Risk Prediction Model Could Identify Pediatric MIS-C Cases

Matthew Clark, MD, RhMSUS

A clinical diagnostic prediction model may be able to help clinicians distinguish multi-inflammatory syndrome in children (MIS-C).

In new late-breaking data presented at the American College of Rheumatology (ACR) 2021 Convergence, a team of Vanderbilt University and Johns Hopkins investigators highlighted a risk prediction model that uses clinical, laboratory and cardiac feature to help identify MIS-C cases within 1 day of observed symptoms.

The prediction model may be valuable to clinicians needing to quick and accurately identify rare MIS-C cases during the COVID-19 pandemic.

Investigators, led by Matthew Clark, MD, RhMSUS, Rheumatology Fellow at Vanderbilt, sought to develop a multifactorial MIS-C diagnostic prediction model that would use signs and symptoms observed in the first 24 hours of a possible patient. According to the Centers for Disease Control and Prevention (CDC), there have been approximately 5500 MIS-C cases in the US since May 2020; in Clark and colleagues’ state of Tennessee, cases have been in the higher percentile, at an estimated 200-249.

“MIS-C is a rare consequence of SARS-CoV-2,” they wrote. “MIS-C shares features with common infectious and inflammatory syndromes, and differentiation early in the disease course can be difficult.”

Investigators used data from a retrospective chart review of children ≤20 years old who were admitted to Vanderbilt Children’s Hospital and evaluated for MIS-C from June 10, 2020 to April 8, 2021. Clinicians collected standardized clinical, lab, and cardiac characteristics of pediatric patients at each presentation in the hospital. MIS-C was clinically diagnosed by the child’s primary service, retrospectively reviewed and confirmed by a pediatric rheumatologist and pediatric infectious disease physician.

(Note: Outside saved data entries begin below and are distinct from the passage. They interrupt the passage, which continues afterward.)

lemma reflect_point_Pset:
  assumes "p \<in> Pset T L l Cu Cl V Vb"
  shows "reflect_point T p \<in> Pset T L l Cu Cl V Vb"
proof -
  obtain x y where p: "p = (x, y)"
    by fastforce
  let ?x = "reflect T x" and ?y = "reflect T y"
  note P = assms[unfolded p Pset_iff]
  have bin: "\<forall>j. y j = 0 \<or> y j = 1"
    using P by (metis atLeastAtMost_iff)
  have "min_up_on T L ?y"
    using min_up_on_reverse[OF bin] P by (subst min_up_on_cong[of _ _ "\<lambda>j. y (T + 1 - j)"]) (auto simp: reflect_def)
  moreover have "min_up_on T l (\<lambda>j. 1 - ?y j)"
    using min_up_on_reverse[of "\<lambda>j. 1 - y j"] bin P
    by (subst min_up_on_cong[of _ _ "\<lambda>j. 1 - y (T + 1 - j)"]) (auto simp: reflect_def)
  moreover have "?x t - ?x (t - 1) \<le> V * ?y (t - 1) + Vb * (1 - ?y (t - 1)) \<and>
      ?x (t - 1) - ?x t \<le> V * ?y t + Vb * (1 - ?y t)" if "t \<in> {2..T}" for t
  proof -
    define u where "u = T + 2 - t"
    have u: "u \<in> {2..T}" "T + 1 - (t - 1) = u" "T + 1 - t = u - 1" "t - 1 \<in> {1..T}" "t \<in> {1..T}"
      using that unfolding u_def by auto
    then have "x u - x (u - 1) \<le> V * y (u - 1) + Vb * (1 - y (u - 1)) \<and>
        x (u - 1) - x u \<le> V * y u + Vb * (1 - y u)"
      using P by blast
    then show ?thesis
      using u by (simp add: reflect_def)
  qed
  ultimately show ?thesis
    using P unfolding p reflect_point_def Pset_iff by (auto simp: reflect_def)
qed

Investigators selected candidate MIS-C predictors a priori and examined for collinearity Spearman correlations. They used logistic regression to identify the most important predictors for the rare disease, with variables selected in ≥80% of 500 bootstraps included in their final predictor model.

Their trial population included 127 children admitted to the Vanderbilt hospital with concern and evaluation for MIS-C during the observed time period. They selected statistically distinct variables that identified 45 cases of MIS-C versus 82 non-cases to build the risk preidciton model.

Eventually, Clark and colleagues included 4 predictors in the final model:

• Hypotension
• Abdominal pain
• Rash
• Serum sodium

Hypotension was defined as required fluid resuscitation, vasopressor support, or blood pressure under the 10th percentile for age, height, and sex.

The prediction model showed “excellent” discrimination, with a c-index of 0.90 (95% CI, 0.85 – 0.94) as well as good calibration.

“We used early clinical and laboratory features to inform the design of a clinical diagnostic prediction model with excellent discrimination to assist clinicians in distinguishing patients with MIS-C from those without,” investigators concluded. “We plan to test this model with external and prospective validation.”

The study, “A Prediction Model to Distinguish Patients with Multisystem Inflammatory Syndrome in Children,” was presented at ACR 2021.